> **DATA FOR REVIEW**
(* Let $\mathcal A$ be a Banach algebra such that the ultrapower $(\mathcal A)_{\mathcal U}$ is simple for some non-principal ultrafilter $\mathcal U$ on $\mathbb N$. Then for every Banach algebra $\mathcal B$, every non-zero continuous algebra homomorphism $\psi:\mathcal A\to\mathcal B$ is bounded below, i.e. there is $c>0$ with $\|\psi(a)\|\geqslant c\|a\|$ for all $a\in\mathcal A$.
   Context: For an ultrafilter $\mathcal U$ on $\mathbb N$, the ultrapower is $(\mathcal A)_{\mathcal U}=\ell^\infty(\mathcal A)/c_{\mathcal U}(\mathcal A)$, where $\ell^\infty(\mathcal A)$ is the Banach algebra of bounded sequences in $\mathcal A$ with pointwise operations and sup norm, and $c_{\mathcal U}(\mathcal A)$ is the closed ideal of sequences $(a_n)$ with $\lim_{n\to\mathcal U}\|a_n\|=0$. An algebra is simple if its only two-sided ideals are $\{0\}$ and itself. *)

theory Defs
  imports "HOL-Analysis.Analysis"
begin

definition is_ultrafilter :: "nat filter \<Rightarrow> bool" where
  "is_ultrafilter U \<longleftrightarrow> U \<noteq> bot \<and> (\<forall>A. eventually (\<lambda>n. n \<in> A) U \<or> eventually (\<lambda>n. n \<notin> A) U)"

definition non_principal :: "nat filter \<Rightarrow> bool" where
  "non_principal U \<longleftrightarrow> (\<forall>k. \<not> eventually (\<lambda>n. n = k) U)"

definition linf :: "(nat \<Rightarrow> 'a::real_normed_vector) set" where
  "linf = {x. bounded (range x)}"

definition cU :: "nat filter \<Rightarrow> (nat \<Rightarrow> 'a::real_normed_vector) set" where
  "cU U = {x \<in> linf. ((\<lambda>n. norm (x n)) \<longlongrightarrow> 0) U}"

definition ucls :: "nat filter \<Rightarrow> (nat \<Rightarrow> 'a::real_normed_vector) \<Rightarrow> (nat \<Rightarrow> 'a) set" where
  "ucls U x = {y \<in> linf. (\<lambda>n. x n - y n) \<in> cU U}"

definition ultrapower :: "nat filter \<Rightarrow> (nat \<Rightarrow> 'a::real_normed_vector) set set" where
  "ultrapower U = ucls U ` linf"

text \<open>Two-sided (algebra) ideals of the ultrapower; operations on cosets are
  the pointwise ones on representatives.\<close>
definition ultra_ideal :: "nat filter \<Rightarrow> (nat \<Rightarrow> 'a::real_normed_algebra) set set \<Rightarrow> bool" where
  "ultra_ideal U I \<longleftrightarrow>
     I \<subseteq> ultrapower U \<and>
     ucls U (\<lambda>n. 0) \<in> I \<and>
     (\<forall>x\<in>linf. \<forall>y\<in>linf. ucls U x \<in> I \<longrightarrow> ucls U y \<in> I \<longrightarrow> ucls U (\<lambda>n. x n + y n) \<in> I) \<and>
     (\<forall>x\<in>linf. \<forall>c::real. ucls U x \<in> I \<longrightarrow> ucls U (\<lambda>n. c *\<^sub>R x n) \<in> I) \<and>
     (\<forall>x\<in>linf. \<forall>a\<in>linf. ucls U x \<in> I \<longrightarrow>
        ucls U (\<lambda>n. a n * x n) \<in> I \<and> ucls U (\<lambda>n. x n * a n) \<in> I)"

definition ultrapower_simple :: "nat filter \<Rightarrow> 'a::real_normed_algebra itself \<Rightarrow> bool" where
  "ultrapower_simple U _ \<longleftrightarrow>
     (\<forall>I :: (nat \<Rightarrow> 'a) set set. ultra_ideal U I \<longrightarrow> I = {ucls U (\<lambda>n. 0)} \<or> I = ultrapower U)"

end

theory Submission
  imports Defs
begin

text \<open>A non-zero continuous homomorphism \<open>\<psi>\<close> induces, coordinatewise, a homomorphism between
  the ultrapowers.  Its kernel is a two-sided ideal of \<open>(\<A>)\<^sub>\<U>\<close>, and it is proper because
  constant sequences at a point where \<open>\<psi>\<close> does not vanish stay outside.  Simplicity forces the
  kernel to be zero.  If \<open>\<psi>\<close> were not bounded below, there would be unit vectors \<open>a\<^sub>n\<close> with
  \<open>\<psi> a\<^sub>n \<rightarrow> 0\<close>; since \<open>\<U>\<close> is non-principal it refines the Frechet filter, so the class of
  \<open>(a\<^sub>n)\<close> lies in the kernel although it has norm one.\<close>

lemma linear_continuous_imp_bounded_linear:
  fixes f :: "'a::real_normed_vector \<Rightarrow> 'b::real_normed_vector"
  assumes lin: "linear f" and cont: "continuous_on UNIV f"
  shows "bounded_linear f"
proof -
  have f0: "f 0 = 0" using lin by (rule linear_0)
  have "isCont f 0" using cont by (simp add: continuous_on_eq_continuous_at)
  then obtain d where d: "d > 0" and small: "\<And>x. norm x < d \<Longrightarrow> norm (f x) < 1"
    unfolding continuous_at_eps_delta by (metis zero_less_one f0 diff_zero dist_norm)
  have "norm (f x) \<le> norm x * (2 / d)" for x
  proof (cases "x = 0")
    case True then show ?thesis by (simp add: f0)
  next
    case False
    define s where "s = d / (2 * norm x)"
    have s: "s > 0" using False d by (simp add: s_def)
    have "norm (s *\<^sub>R x) < d" using False d by (simp add: s_def)
    then have "norm (f (s *\<^sub>R x)) < 1" by (rule small)
    then have "s * norm (f x) < 1" using s lin by (simp add: linear_scale)
    then have "norm (f x) < 1 / s" using s by (simp add: field_simps)
    also have "1 / s = norm x * (2 / d)" using False d by (simp add: s_def)
    finally show ?thesis by simp
  qed
  then show ?thesis using lin by (blast intro: bounded_linear.intro bounded_linear_axioms.intro)
qed

lemma linf_iff_norm_bounded: "x \<in> linf \<longleftrightarrow> (\<exists>B. \<forall>n. norm (x n) \<le> B)"
  unfolding linf_def bounded_iff by auto

lemma const_in_linf: "(\<lambda>n. c) \<in> linf"
  by (auto simp: linf_iff_norm_bounded)

lemma linf_add: "x \<in> linf \<Longrightarrow> y \<in> linf \<Longrightarrow> (\<lambda>n. x n + y n) \<in> linf"
  unfolding linf_iff_norm_bounded by (meson add_mono norm_triangle_ineq order_trans)

lemma linf_scaleR: "x \<in> linf \<Longrightarrow> (\<lambda>n. c *\<^sub>R x n) \<in> linf"
  unfolding linf_iff_norm_bounded by (metis abs_ge_zero mult_left_mono norm_scaleR)

lemma linf_mult:
  fixes x y :: "nat \<Rightarrow> 'a::real_normed_algebra"
  shows "x \<in> linf \<Longrightarrow> y \<in> linf \<Longrightarrow> (\<lambda>n. x n * y n) \<in> linf"
  unfolding linf_iff_norm_bounded by (meson mult_mono norm_ge_zero norm_mult_ineq order_trans)

lemma linf_bounded_linear_image:
  assumes "bounded_linear f" and "x \<in> linf"
  shows "(\<lambda>n. f (x n)) \<in> linf"
proof -
  obtain K where K: "\<And>z. norm (f z) \<le> norm z * K" "K > 0"
    using bounded_linear.pos_bounded[OF assms(1)] by blast
  obtain B where "\<And>n. norm (x n) \<le> B" using assms(2) by (auto simp: linf_iff_norm_bounded)
  then have "norm (f (x n)) \<le> B * K" for n
    using K by (meson mult_right_mono less_imp_le order_trans)
  then show ?thesis by (auto simp: linf_iff_norm_bounded)
qed

lemma linf_imp_Bfun: "x \<in> linf \<Longrightarrow> Bfun x F"
  unfolding linf_iff_norm_bounded by (auto intro: BfunI always_eventually)

lemma in_ucls_self: "x \<in> linf \<Longrightarrow> x \<in> ucls U x"
  by (simp add: ucls_def cU_def const_in_linf)

lemma ucls_eq_imp_tendsto_diff:
  assumes "x \<in> linf" and "ucls U x = ucls U y"
  shows "((\<lambda>n. y n - x n) \<longlongrightarrow> 0) U"
proof -
  have "x \<in> ucls U y" using assms in_ucls_self by blast
  then show ?thesis by (simp add: ucls_def cU_def tendsto_norm_zero_iff)
qed

lemma nonprincipal_ultrafilter_le_sequentially:
  assumes "is_ultrafilter U" and "non_principal U"
  shows "U \<le> sequentially"
  unfolding le_sequentially
proof
  fix N
  have "eventually (\<lambda>n. n \<notin> {k}) U" for k
  proof -
    have "\<not> eventually (\<lambda>n. n \<in> {k}) U" using assms(2) by (simp add: non_principal_def)
    then show ?thesis using assms(1) unfolding is_ultrafilter_def by blast
  qed
  then have "eventually (\<lambda>n. \<forall>k\<in>{..<N}. n \<noteq> k) U" by (simp add: eventually_ball_finite)
  then show "eventually (\<lambda>n. N \<le> n) U" by (rule eventually_mono) (auto simp: not_le)
qed

lemma tendsto_zero_mult_Bfun:
  fixes f g :: "'x \<Rightarrow> 'a::real_normed_algebra"
  assumes "Bfun f F" and "(g \<longlongrightarrow> 0) F"
  shows "((\<lambda>x. f x * g x) \<longlongrightarrow> 0) F" and "((\<lambda>x. g x * f x) \<longlongrightarrow> 0) F"
  using assms bounded_bilinear.Bfun_prod_Zfun[OF bounded_bilinear_mult]
    bounded_bilinear.Zfun_prod_Bfun[OF bounded_bilinear_mult]
  by (simp_all add: tendsto_Zfun_iff)

definition ultra_kernel ::
    "nat filter \<Rightarrow> ('a::real_normed_vector \<Rightarrow> 'b::real_normed_vector) \<Rightarrow> (nat \<Rightarrow> 'a) set set" where
  "ultra_kernel U \<psi> = {ucls U x | x. x \<in> linf \<and> ((\<lambda>n. \<psi> (x n)) \<longlongrightarrow> 0) U}"

lemma ucls_in_ultra_kernel_iff:
  assumes "bounded_linear \<psi>" and "x \<in> linf"
  shows "ucls U x \<in> ultra_kernel U \<psi> \<longleftrightarrow> ((\<lambda>n. \<psi> (x n)) \<longlongrightarrow> 0) U"
proof
  assume "ucls U x \<in> ultra_kernel U \<psi>"
  then obtain y where y: "ucls U y = ucls U x" "((\<lambda>n. \<psi> (y n)) \<longlongrightarrow> 0) U"
    unfolding ultra_kernel_def by auto
  have "((\<lambda>n. y n - x n) \<longlongrightarrow> 0) U"
    using ucls_eq_imp_tendsto_diff[OF assms(2) y(1)[symmetric]] .
  then have "((\<lambda>n. \<psi> (y n - x n)) \<longlongrightarrow> 0) U"
    using bounded_linear.tendsto_zero[OF assms(1)] by blast
  then have "((\<lambda>n. \<psi> (y n) - \<psi> (y n - x n)) \<longlongrightarrow> 0 - 0) U"
    using y(2) by (intro tendsto_diff)
  then show "((\<lambda>n. \<psi> (x n)) \<longlongrightarrow> 0) U"
    by (simp add: linear_diff[OF bounded_linear.linear[OF assms(1)]])
qed (use assms(2) in \<open>auto simp: ultra_kernel_def\<close>)

lemma ultra_ideal_ultra_kernel:
  fixes \<psi> :: "'a::real_normed_algebra \<Rightarrow> 'b::real_normed_algebra"
  assumes bl: "bounded_linear \<psi>" and mult: "\<And>x y. \<psi> (x * y) = \<psi> x * \<psi> y"
  shows "ultra_ideal U (ultra_kernel U \<psi>)"
  unfolding ultra_ideal_def
proof (intro conjI ballI allI impI)
  interpret bounded_linear \<psi> by fact
  note kernel_iff = ucls_in_ultra_kernel_iff[OF bl]
  show "ultra_kernel U \<psi> \<subseteq> ultrapower U"
    unfolding ultra_kernel_def ultrapower_def by auto
  show "ucls U (\<lambda>n. 0) \<in> ultra_kernel U \<psi>"
    by (simp add: kernel_iff const_in_linf)
  fix x :: "nat \<Rightarrow> 'a" assume x: "x \<in> linf" "ucls U x \<in> ultra_kernel U \<psi>"
  then have x0: "((\<lambda>n. \<psi> (x n)) \<longlongrightarrow> 0) U" by (simp add: kernel_iff)
  show "ucls U (\<lambda>n. c *\<^sub>R x n) \<in> ultra_kernel U \<psi>" for c
    using tendsto_scaleR[OF tendsto_const x0, of c]
    by (simp add: kernel_iff linf_scaleR x(1) scaleR)
  fix y :: "nat \<Rightarrow> 'a"
  { assume y: "y \<in> linf" "ucls U y \<in> ultra_kernel U \<psi>"
    then have "((\<lambda>n. \<psi> (y n)) \<longlongrightarrow> 0) U" by (simp add: kernel_iff)
    from tendsto_add[OF x0 this]
    show "ucls U (\<lambda>n. x n + y n) \<in> ultra_kernel U \<psi>"
      by (simp add: kernel_iff linf_add x(1) y(1) add) }
  assume y: "y \<in> linf"
  have "Bfun (\<lambda>n. \<psi> (y n)) U"
    by (rule linf_imp_Bfun[OF linf_bounded_linear_image[OF bl y]])
  from tendsto_zero_mult_Bfun[OF this x0]
  show "ucls U (\<lambda>n. y n * x n) \<in> ultra_kernel U \<psi>"
    and "ucls U (\<lambda>n. x n * y n) \<in> ultra_kernel U \<psi>"
    by (simp_all add: kernel_iff linf_mult x(1) y mult)
qed

lemma ultra_kernel_neq_ultrapower:
  assumes "U \<noteq> bot" and "bounded_linear \<psi>" and "\<psi> b \<noteq> 0"
  shows "ultra_kernel U \<psi> \<noteq> ultrapower U"
proof
  assume "ultra_kernel U \<psi> = ultrapower U"
  then have "ucls U (\<lambda>n. b) \<in> ultra_kernel U \<psi>"
    by (simp add: ultrapower_def const_in_linf)
  then have "((\<lambda>n. \<psi> b) \<longlongrightarrow> 0) U"
    by (simp add: ucls_in_ultra_kernel_iff[OF assms(2)] const_in_linf)
  then show False
    using tendsto_unique[OF assms(1) tendsto_const] assms(3) by blast
qed

lemma unit_sequence_if_not_bounded_below:
  fixes \<psi> :: "'a::real_normed_vector \<Rightarrow> 'b::real_normed_vector"
  assumes lin: "linear \<psi>" and not_below: "\<not> (\<exists>c>0. \<forall>a. c * norm a \<le> norm (\<psi> a))"
  obtains a where "\<And>n. norm (a n) = 1" and "(\<lambda>n. \<psi> (a n)) \<longlonglongrightarrow> 0"
proof -
  have "\<exists>a. norm a = 1 \<and> norm (\<psi> a) \<le> inverse (real (Suc n))" for n
  proof -
    obtain a where a: "norm (\<psi> a) < inverse (real (Suc n)) * norm a"
      using not_below by (meson not_le positive_imp_inverse_positive of_nat_0_less_iff zero_less_Suc)
    then have "a \<noteq> 0" by (auto simp: linear_0[OF lin])
    with a show ?thesis
      by (intro exI[of _ "(1 / norm a) *\<^sub>R a"])
        (simp add: linear_scale[OF lin] divide_less_eq less_imp_le)
  qed
  then obtain a where a: "\<And>n. norm (a n) = 1" "\<And>n. norm (\<psi> (a n)) \<le> inverse (real (Suc n))"
    by metis
  have "(\<lambda>n. \<psi> (a n)) \<longlonglongrightarrow> 0"
    using a(2) by (intro tendsto_0_le[OF LIMSEQ_inverse_real_of_nat, of _ 1]) (auto intro: always_eventually)
  with a(1) show ?thesis by (rule that)
qed

lemma bounded_below_if_ultra_kernel_trivial:
  assumes "U \<noteq> bot" and "U \<le> sequentially" and bl: "bounded_linear \<psi>"
    and trivial: "ultra_kernel U \<psi> = {ucls U (\<lambda>n. 0)}"
  shows "\<exists>c>0. \<forall>a. c * norm a \<le> norm (\<psi> a)"
proof (rule ccontr)
  assume "\<not> ?thesis"
  then obtain a where a: "\<And>n. norm (a n) = 1" and "(\<lambda>n. \<psi> (a n)) \<longlonglongrightarrow> 0"
    using unit_sequence_if_not_bounded_below bounded_linear.linear[OF bl] by blast
  then have "((\<lambda>n. \<psi> (a n)) \<longlongrightarrow> 0) U"
    using filterlim_mono[OF _ order_refl assms(2)] by blast
  moreover have a_linf: "a \<in> linf" using a by (auto simp: linf_iff_norm_bounded)
  ultimately have "ucls U a \<in> ultra_kernel U \<psi>"
    by (simp add: ucls_in_ultra_kernel_iff[OF bl])
  then have "ucls U a = ucls U (\<lambda>n. 0)"
    using trivial by simp
  then have "((\<lambda>n. 0 - a n) \<longlongrightarrow> 0) U"
    using ucls_eq_imp_tendsto_diff[OF a_linf] by blast
  then have "((\<lambda>n. norm (0 - a n)) \<longlongrightarrow> 0) U" by (rule tendsto_norm_zero)
  then have "((\<lambda>n. 1::real) \<longlongrightarrow> 0) U" using a by simp
  then show False using tendsto_unique[OF assms(1) tendsto_const] by fastforce
qed

theorem proposition2p9:
  fixes U :: "nat filter"
  assumes "is_ultrafilter U" and "non_principal U"
    and "ultrapower_simple U TYPE('a::{real_normed_algebra, banach})"
  shows "\<forall>\<psi> :: 'a \<Rightarrow> 'b::{real_normed_algebra, banach}.
           linear \<psi> \<and> (\<forall>x y. \<psi> (x * y) = \<psi> x * \<psi> y) \<and> continuous_on UNIV \<psi> \<and> \<psi> \<noteq> (\<lambda>x. 0)
           \<longrightarrow> (\<exists>c>0. \<forall>a. norm (\<psi> a) \<ge> c * norm a)"
proof (intro allI impI, elim conjE)
  fix \<psi> :: "'a \<Rightarrow> 'b"
  assume lin: "linear \<psi>" and mult: "\<forall>x y. \<psi> (x * y) = \<psi> x * \<psi> y"
    and cont: "continuous_on UNIV \<psi>" and nonzero: "\<psi> \<noteq> (\<lambda>x. 0)"
  have bl: "bounded_linear \<psi>" using lin cont by (rule linear_continuous_imp_bounded_linear)
  obtain b where "\<psi> b \<noteq> 0" using nonzero by blast
  have U_proper: "U \<noteq> bot" using assms(1) by (simp add: is_ultrafilter_def)
  have "ultra_ideal U (ultra_kernel U \<psi>)"
    using bl mult by (simp add: ultra_ideal_ultra_kernel)
  moreover have "ultra_kernel U \<psi> \<noteq> ultrapower U"
    using U_proper bl \<open>\<psi> b \<noteq> 0\<close> by (rule ultra_kernel_neq_ultrapower)
  ultimately have "ultra_kernel U \<psi> = {ucls U (\<lambda>n. 0)}"
    using assms(3) by (auto simp: ultrapower_simple_def)
  with U_proper nonprincipal_ultrafilter_le_sequentially[OF assms(1,2)] bl
  show "\<exists>c>0. \<forall>a. norm (\<psi> a) \<ge> c * norm a"
    by (rule bounded_below_if_ultra_kernel_trivial)
qed

end
lemma integral_power_cond_pmf_nonzero:
  fixes p :: "nat pmf" and y :: real
  assumes ne: "set_pmf p \<inter> {k. k \<noteq> 0} \<noteq> {}" and y: "0 \<le> y" "y \<le> 1"
  shows "(\<integral>k. y ^ k \<partial>measure_pmf (cond_pmf p {k. k \<noteq> 0}))
       = (enn2real (pgf p y) - pmf p 0) / measure_pmf.prob p {k. k \<noteq> 0}"
proof -
  let ?A = "{k::nat. k \<noteq> 0}"
  let ?P = "measure_pmf.prob p ?A"
  define X where "X = (\<integral>\<^sup>+ k. ennreal (y ^ k) * indicator ?A k \<partial>p)"
  have split: "pgf p y = X + ennreal (pmf p 0)"
  proof -
    have "pgf p y = (\<integral>\<^sup>+ k. ennreal (y ^ k) * indicator ?A k + indicator {0} k \<partial>p)"
      unfolding pgf_def by (intro nn_integral_cong) (auto simp: indicator_def)
    also have "\<dots> = X + (\<integral>\<^sup>+ k. indicator {0} k \<partial>p)"
      unfolding X_def by (intro nn_integral_add) auto
    finally show ?thesis by (simp add: emeasure_pmf_single)
  qed
  then have "X < top"
    using pgf_le_1[OF y, of p] by (metis add_increasing2 ennreal_one_less_top le_iff_add order_le_less_trans zero_le)
  then obtain x where x: "X = ennreal x" "0 \<le> x" by (cases X rule: ennreal_cases) auto
  have P: "?P > 0" using ne by (auto intro: measure_pmf_posI)
  have "(\<integral>k. y ^ k \<partial>measure_pmf (cond_pmf p ?A))
        = enn2real (\<integral>\<^sup>+ k. ennreal (y ^ k) \<partial>measure_pmf (cond_pmf p ?A))"
    by (intro integral_eq_nn_integral) (auto simp: y)
  also have "(\<integral>\<^sup>+ k. ennreal (y ^ k) \<partial>measure_pmf (cond_pmf p ?A)) = X / ennreal ?P"
    unfolding cond_pmf.rep_eq[OF ne] X_def
    by (subst nn_integral_uniform_measure) (auto simp: measure_pmf.emeasure_eq_measure)
  also have "enn2real (X / ennreal ?P) = x / ?P"
    using P x by (simp add: divide_ennreal)
  moreover have "enn2real (pgf p y) = x + pmf p 0"
    using split x by (simp flip: ennreal_plus)
  ultimately show ?thesis by simp
qed
(* If $G$ is a very well-covered graph of girth at least $5$, then $\Psi(G)$ is a greedoid on $V(G)$.
   Context: All graphs are finite, simple, undirected. For $A\subseteq V(G)$, $N(A)=\{v\in V(G)-A: N(v)\cap A\neq\emptyset\}$ and $N[A]=A\cup N(A)$; $G[X]$ is the subgraph induced by $X$. A stable set is a set of pairwise non-adjacent vertices; $\alpha(G)$ is the maximum size of a stable set. $G$ is well-covered if all its maximal stable sets have the same cardinality, and very well-covered if it is well-covered, has no isolated vertices, and $|V(G)|=2\alpha(G)$. A set $A\subseteq V(G)$ is a local maximum stable set of $G$ if $A$ is a maximum stable set of $G[N[A]]$; $\Psi(G)$ denotes the family of all local maximum stable sets of $G$. A greedoid on a finite set $V$ is a non-empty family $\mathcal{F}\subseteq 2^V$ such that (Accessibility) every non-empty $X\in\mathcal{F}$ has an element $x\in X$ with $X-\{x\}\in\mathcal{F}$, and (Exchange) for all $X,Y\in\mathcal{F}$ with $|X|=|Y|+1$ there is $x\in X-Y$ with $Y\cup\{x\}\in\mathcal{F}$. *)

theory Defs
  imports Main
begin

definition graph :: "'a set \<Rightarrow> ('a \<Rightarrow> 'a \<Rightarrow> bool) \<Rightarrow> bool" where
  "graph V E \<longleftrightarrow> finite V \<and> (\<forall>u v. E u v \<longrightarrow> u \<in> V \<and> v \<in> V)
     \<and> (\<forall>u v. E u v \<longrightarrow> E v u) \<and> (\<forall>v. \<not> E v v)"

> **EXERCISE DETAILS**
Set down only the lines above that fall between the line holding "enn2real (\<integral>\<^sup>+ k." and the line holding "using P x by (simp add: divide_ennreal)", inclusive, keeping each exact.

> **SOLUTION TO THE EXERCISE**
        = enn2real (\<integral>\<^sup>+ k. ennreal (y ^ k) \<partial>measure_pmf (cond_pmf p ?A))"
    by (intro integral_eq_nn_integral) (auto simp: y)
  also have "(\<integral>\<^sup>+ k. ennreal (y ^ k) \<partial>measure_pmf (cond_pmf p ?A)) = X / ennreal ?P"
    unfolding cond_pmf.rep_eq[OF ne] X_def
    by (subst nn_integral_uniform_measure) (auto simp: measure_pmf.emeasure_eq_measure)
  also have "enn2real (X / ennreal ?P) = x / ?P"
    using P x by (simp add: divide_ennreal)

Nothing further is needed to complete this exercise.